What Trump’s payroll tax cut proposes to do for workers, businesses
Payroll tax cuts, used to boost the economy, only help those who get a paycheck.

President Trump says his administration is working on a stimulus plan designed to curb the potential economic downturn caused by the COVID-19 outbreak. Among the proposals is a payroll tax cut.
In the U.S., employers are required to pay a portion of each employee’s salary in taxes. According to the Tax Policy Center, the U.S. collected $1.1 trillion dollars in payroll taxes in 2017, financing social security, the hospital insurance portion of Medicare, and the federal unemployment insurance program.
The idea of a payroll tax cut is to boost the economy by getting “a lot of money in a lot of people’s pockets quickly,” said Tara Sinclair, professor of economics at The George Washington University. But that isn’t the case for many consumers.
“They don’t even necessarily notice that additional money because it’s a relatively small proportion of their paycheck,” Sinclair said.

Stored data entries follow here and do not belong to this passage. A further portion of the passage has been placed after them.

lemma fill_time_Cons:
  assumes "\<And>i. c i < k"
  shows "fill_time k c (x ## \<omega>) =
           1 + (if k \<le> Suc (c x) then 0 else fill_time k (c(x := Suc (c x))) \<omega>)"
proof -
  let ?c = "c(x := Suc (c x))"
  have not0: "\<not> some_bin_full k c (x ## \<omega>) 0"
    by (rule not_some_bin_full_0[OF assms])
  show ?thesis
  proof (cases "k \<le> Suc (c x)")
    case True
    then have full1: "some_bin_full k c (x ## \<omega>) 1"
      unfolding One_nat_def some_bin_full_Cons_Suc by (auto simp: some_bin_full_def)
    then have "(LEAST n. some_bin_full k c (x ## \<omega>) n) = 1"
      by (rule Least_equality) (metis not0 less_one not_less)
    with True full1 show ?thesis
      by (auto simp: fill_time_def)
  next
    case False
    show ?thesis
    proof (cases "\<exists>n. some_bin_full k ?c \<omega> n")
      case True
      then obtain n where n: "some_bin_full k c (x ## \<omega>) (Suc n)"
        by (auto simp: some_bin_full_Cons_Suc)
      then have "(LEAST n. some_bin_full k c (x ## \<omega>) n) =
                   Suc (LEAST n. some_bin_full k c (x ## \<omega>) (Suc n))"
        using not0 by (rule Least_Suc)
      moreover have ex: "\<exists>n. some_bin_full k c (x ## \<omega>) n"
        using n by blast
      ultimately show ?thesis
        using False True
        unfolding fill_time_def by (auto simp: some_bin_full_Cons_Suc add.commute)
    next
      case never: False
      then have "\<not> (\<exists>n. some_bin_full k c (x ## \<omega>) n)"
        using not0 by (metis not0_implies_Suc some_bin_full_Cons_Suc)
      with False never show ?thesis
        by (simp add: fill_time_def)
    qed
  qed
qed

lemma measurable_some_bin_full [measurable]:
  "(\<lambda>\<omega>. some_bin_full k c \<omega> n) \<in> measurable (stream_space (measure_pmf P)) (count_space UNIV)"
proof -
  have "sets (stream_space (measure_pmf P)) = sets (stream_space (count_space UNIV))"
    by (rule sets_stream_space_cong) simp
  moreover have "(\<lambda>\<omega>. (\<lambda>xs. \<exists>i. k \<le> c i + count (mset xs) i) (stake n \<omega>))
      \<in> measurable (stream_space (count_space UNIV)) (count_space UNIV)"
    by (rule measurable_compose[OF measurable_stake]) simp
  ultimately show ?thesis
    unfolding some_bin_full_def by (simp add: measurable_cong_sets)
qed

lemma borel_measurable_fill_time [measurable]:
  "fill_time k c \<in> borel_measurable (stream_space (measure_pmf P))"
  unfolding fill_time_def by measurable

In 2011, President Barack Obama cut payroll taxes by 2%, which averaged around $1,000 extra per family that year. For the Bush administration’s stimulus plan, checks were sent to taxpayers.
The biggest economic worry today isn’t spending, but public health, said Nicole Kaeding, vice president at the National Taxpayers Union Foundation.
“People aren’t going to restaurants and are cutting back on seeing movies and not going to the bowling alley as often, not because of a financial constraint. It’s a public health one,” Kaeding said.
Due to social distancing and cancelled public events, many businesses will face a decrease in demand. But payroll tax cuts only help those who get a paycheck. Retirees, the unemployed and many gig workers would be left out of this stimulus measure.